lemma alternating_signs_degree:
  fixes R :: "real poly" and y :: "nat \<Rightarrow> real"
  assumes decr: "\<And>k k'. k < k' \<Longrightarrow> k' \<le> n \<Longrightarrow> y k' < y k"
    and alt: "\<And>k. k \<le> n \<Longrightarrow> (- 1) ^ k * poly R (y k) > 0"
  shows "n \<le> degree R"
proof -
  have "R \<noteq> 0"
    using alt[of 0] by auto
  have "\<exists>x. y (Suc k) < x \<and> x < y k \<and> poly R x = 0" if "k < n" for k
  proof -
    have "(- 1) ^ k * poly R (y (Suc k)) < 0" "(- 1) ^ k * poly R (y k) > 0"
      using alt[of "Suc k"] alt[of k] that by simp_all
    moreover have "y (Suc k) < y k"
      using decr[of k "Suc k"] that by simp
    moreover have "isCont (\<lambda>x. (- 1) ^ k * poly R x) x" for x
      by (intro continuous_intros)
    ultimately obtain x where "y (Suc k) \<le> x" "x \<le> y k" "(- 1) ^ k * poly R x = 0"
      using IVT[of "\<lambda>x. (- 1) ^ k * poly R x" "y (Suc k)" 0 "y k"] by force
    moreover from this(3) have "x \<noteq> y k" "x \<noteq> y (Suc k)"
      using \<open>(- 1) ^ k * poly R (y (Suc k)) < 0\<close> \<open>(- 1) ^ k * poly R (y k) > 0\<close> by auto
    ultimately show ?thesis
      by (intro exI[of _ x]) simp
  qed
  then obtain x where x: "\<And>k. k < n \<Longrightarrow> y (Suc k) < x k \<and> x k < y k \<and> poly R (x k) = 0"
    by metis
  have "x k' < x k" if "k < k'" "k' < n" for k k'
  proof -
    have "y k' \<le> y (Suc k)"
      using decr[of "Suc k" k'] that by (cases "Suc k = k'") auto
    then show ?thesis
      using x[of k] x[of k'] that by simp
  qed
  then have "inj_on x {..<n}"
    by (intro inj_onI) (metis lessThan_iff linorder_neq_iff less_irrefl)
  then have "n = card (x ` {..<n})"
    by (simp add: card_image)
  also have "\<dots> \<le> card {z. poly R z = 0}"
    using x poly_roots_finite[OF \<open>R \<noteq> 0\<close>] by (intro card_mono) auto
  also have "\<dots> \<le> degree R"
    by (rule card_poly_roots_bound[OF \<open>R \<noteq> 0\<close>])
  finally show ?thesis .
qed

text \<open>If \<open>|coeff P n|\<close> were larger, \<open>T\<^sub>n - s P\<close> with \<open>s = 2\<^sup>n\<^sup>-\<^sup>1 / coeff P n\<close> would have
  degree less than \<open>n\<close> but alternate in sign at the \<open>n + 1\<close> extrema of \<open>T\<^sub>n\<close> on \<open>[-1, 1]\<close>.\<close>
lemma chebyshev_coeff_bound:
  fixes P :: "real poly"
  assumes "n \<ge> 1" "degree P \<le> n" and bound: "\<And>y. - 1 \<le> y \<Longrightarrow> y \<le> 1 \<Longrightarrow> \<bar>poly P y\<bar> \<le> 1"
  shows "\<bar>coeff P n\<bar> \<le> 2 ^ (n - 1)"
proof (rule ccontr)
  assume "\<not> ?thesis"
  then have big: "2 ^ (n - 1) < \<bar>coeff P n\<bar>"
    by simp
  define s where "s = 2 ^ (n - 1) / coeff P n"
  have "\<bar>s\<bar> < 1"
    using big by (simp add: s_def abs_div_pos divide_less_eq)
  define R where "R = chebyshev n - smult s P"
  have "degree R \<le> n" "coeff R n = 0"
    using degree_coeff_chebyshev[of n] \<open>degree P \<le> n\<close> \<open>n \<ge> 1\<close> big
    by (auto simp: R_def s_def degree_diff_le)
  define y where "y k = cos (real k * pi / real n)" for k
  have "(- 1) ^ k * poly R (y k) > 0" for k
  proof -
    have "poly (chebyshev n) (y k) = (- 1) ^ k"
      using \<open>n \<ge> 1\<close> by (simp add: y_def poly_chebyshev_cos)
    moreover have "\<bar>s\<bar> * \<bar>poly P (y k)\<bar> \<le> \<bar>s\<bar>"
      using bound[of "y k"] by (simp add: y_def mult_left_le)
    then have "\<bar>s * poly P (y k)\<bar> < 1"
      using \<open>\<bar>s\<bar> < 1\<close> by (simp add: abs_mult)
    ultimately show ?thesis
      by (simp add: R_def algebra_simps abs_less_iff) (cases "even k"; simp)
  qed
  moreover have "y k' < y k" if "k < k'" "k' \<le> n" for k k'
    unfolding y_def using that \<open>n \<ge> 1\<close>
    by (intro cos_monotone_0_pi) (auto simp: field_simps)
  ultimately have "n \<le> degree R"
    by (intro alternating_signs_degree) auto
  then have "R = 0"
    using \<open>degree R \<le> n\<close> \<open>coeff R n = 0\<close> by (metis le_antisym leading_coeff_0_iff)
  then show False
    using \<open>(- 1) ^ 0 * poly R (y 0) > 0\<close> by simp
qed

lemma chebyshev_lead_coeff_bound_interval:
  fixes p :: "real poly"
  assumes "degree p = n" "n \<ge> 1" "lo < hi"
    and bounded: "\<And>x. lo \<le> x \<Longrightarrow> x \<le> hi \<Longrightarrow> \<bar>poly p x\<bar> \<le> 2"
  shows "\<bar>lead_coeff p\<bar> * ((hi - lo) / 2) ^ n \<le> 2 ^ n"
proof -
  define c where "c = (hi - lo) / 2"
  have "c > 0"
    using \<open>lo < hi\<close> by (simp add: c_def)
  define P where "P = smult (1 / 2) (pcompose p [:(lo + hi) / 2, c:])"
  have "degree P = n" "coeff P n = lead_coeff p * c ^ n / 2"
    using assms(1) lead_coeff_comp[of "[:(lo + hi) / 2, c:]" p] \<open>c > 0\<close>
    by (simp_all add: P_def degree_pcompose)
  moreover have "\<bar>poly P y\<bar> \<le> 1" if "- 1 \<le> y" "y \<le> 1" for y
  proof -
    have "\<bar>c * y\<bar> \<le> c"
      using that \<open>c > 0\<close> by (simp add: abs_mult mult_left_le)
    then have "lo \<le> (lo + hi) / 2 + c * y" "(lo + hi) / 2 + c * y \<le> hi"
      by (simp_all add: c_def abs_le_iff field_simps)
    then have "\<bar>poly p ((lo + hi) / 2 + c * y)\<bar> \<le> 2"
      by (rule bounded)
    moreover have "poly P y = poly p ((lo + hi) / 2 + c * y) / 2"
      by (simp add: P_def poly_pcompose mult.commute)
    ultimately show ?thesis
      by simp
  qed
  ultimately have "\<bar>lead_coeff p\<bar> * c ^ n / 2 \<le> 2 ^ (n - 1)"
    using chebyshev_coeff_bound[OF \<open>n \<ge> 1\<close>, of P] \<open>c > 0\<close> by (simp add: abs_mult)
  moreover have "(2::real) ^ n = 2 * 2 ^ (n - 1)"
    using \<open>n \<ge> 1\<close> by (simp flip: power_Suc)
  ultimately show ?thesis
    by (simp add: c_def)
qed

lemma band_width_le_if_discr_bounded:
  assumes "q \<ge> 1" and apos: "\<And>n. a n > 0"
    and bounded: "\<And>x. lo \<le> x \<Longrightarrow> x \<le> hi \<Longrightarrow> \<bar>poly (discr a b q) x\<bar> \<le> 2"
  shows "hi - lo \<le> 4 * geo_mean_a a q"
proof (cases "lo < hi")
  case True
  define A where "A = geo_mean_a a q"
  have A: "A > 0" "A ^ q = (\<Prod>k=1..q. a (int k))"
    using geo_mean_a_pos_pow[of q a, OF \<open>q \<ge> 1\<close> apos] by (simp_all add: A_def)
  have D: "degree (discr a b q) = q" "lead_coeff (discr a b q) = 1 / A ^ q"
    using degree_lead_coeff_discr[OF _ \<open>q \<ge> 1\<close>, of a b] apos A(2)
    by (simp_all add: less_imp_neq[symmetric])
  have "((hi - lo) / 2) ^ q / A ^ q \<le> 2 ^ q"
    using chebyshev_lead_coeff_bound_interval[OF D(1) \<open>q \<ge> 1\<close> True bounded] D(2) A(1)
    by simp
  then have "((hi - lo) / 2) ^ Suc (q - 1) \<le> (2 * A) ^ Suc (q - 1)"
    using A(1) \<open>q \<ge> 1\<close> by (simp add: pos_divide_le_eq power_mult_distrib)
  then have "(hi - lo) / 2 \<le> 2 * A"
    by (rule power_le_imp_le_base) (use A(1) in simp)
  then show ?thesis
    by (simp add: A_def)
next
  case False
  then show ?thesis
    using geo_mean_a_pos_pow(1)[of q a, OF \<open>q \<ge> 1\<close> apos] by simp
qed

theorem lemma2:
  fixes a b :: "int \<Rightarrow> real" and q :: nat
  assumes "q \<ge> 2"
    and "\<forall>n. a n > 0"
    and "\<forall>n. a (n + int q) = a n"
    and "\<forall>n. b (n + int q) = b n"
    and "\<forall>p. 1 \<le> p \<and> p < q \<longrightarrow> \<not> (\<forall>n. a (n + int p) = a n \<and> b (n + int p) = b n)"
  shows "half_width a b q > 2 * geo_mean_a a q
         \<and> (\<exists>m\<in>{1..q-1}. edge_minus a b q m < edge_plus a b q m)"
proof -
  have "q \<ge> 1" and apos: "\<And>n. a n > 0" and a_nz: "\<And>n. a n \<noteq> 0"
    using assms(1,2) by (auto simp: less_imp_neq[symmetric])
  have aq: "a (int q) = a 0"
    using assms(3)[rule_format, of 0] by simp
  have "\<not> (\<forall>n. a (n + 1) = a n \<and> b (n + 1) = b n)"
    using assms(1,5) by force
  then obtain lam1 lam2 where roots: "poly ((discr a b q)\<^sup>2 - 4) lam1 = 0"
      "poly ((discr a b q)\<^sup>2 - 4) (- lam2) = 0" and "4 * geo_mean_a a q < lam1 + lam2"
    by (rule cyclic_jacobi_top_eigenvalues_spread[OF \<open>q \<ge> 1\<close> apos assms(3,4)])
  then have width: "4 * geo_mean_a a q < edge_minus a b q q - edge_plus a b q 0"
    using discr_roots_within_spectrum[OF \<open>q \<ge> 1\<close> a_nz aq roots(1)]
      discr_roots_within_spectrum[OF \<open>q \<ge> 1\<close> a_nz aq roots(2)] by linarith
  have "\<exists>m\<in>{1..q-1}. edge_minus a b q m < edge_plus a b q m"
  proof (rule ccontr)
    assume "\<not> ?thesis"
    then have "edge_minus a b q q - edge_plus a b q 0 \<le> 4 * geo_mean_a a q"
      using discr_bounded_if_gaps_closed[OF \<open>q \<ge> 1\<close> a_nz aq]
      by (intro band_width_le_if_discr_bounded[OF \<open>q \<ge> 1\<close> apos]) blast
    with width show False
      by simp
  qed
  with width show ?thesis
    by (simp add: half_width_def)
qed
end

DIRECTIONS:
What you output must match the lines from the beginning of the material through the line with "ultimately obtain x" exactly, both ends included.

ANSWER TO THE EXERCISE:
lemma alternating_signs_degree:
  fixes R :: "real poly" and y :: "nat \<Rightarrow> real"
  assumes decr: "\<And>k k'. k < k' \<Longrightarrow> k' \<le> n \<Longrightarrow> y k' < y k"
    and alt: "\<And>k. k \<le> n \<Longrightarrow> (- 1) ^ k * poly R (y k) > 0"
  shows "n \<le> degree R"
proof -
  have "R \<noteq> 0"
    using alt[of 0] by auto
  have "\<exists>x. y (Suc k) < x \<and> x < y k \<and> poly R x = 0" if "k < n" for k
  proof -
    have "(- 1) ^ k * poly R (y (Suc k)) < 0" "(- 1) ^ k * poly R (y k) > 0"
      using alt[of "Suc k"] alt[of k] that by simp_all
    moreover have "y (Suc k) < y k"
      using decr[of k "Suc k"] that by simp
    moreover have "isCont (\<lambda>x. (- 1) ^ k * poly R x) x" for x
      by (intro continuous_intros)
    ultimately obtain x where "y (Suc k) \<le> x" "x \<le> y k" "(- 1) ^ k * poly R x = 0"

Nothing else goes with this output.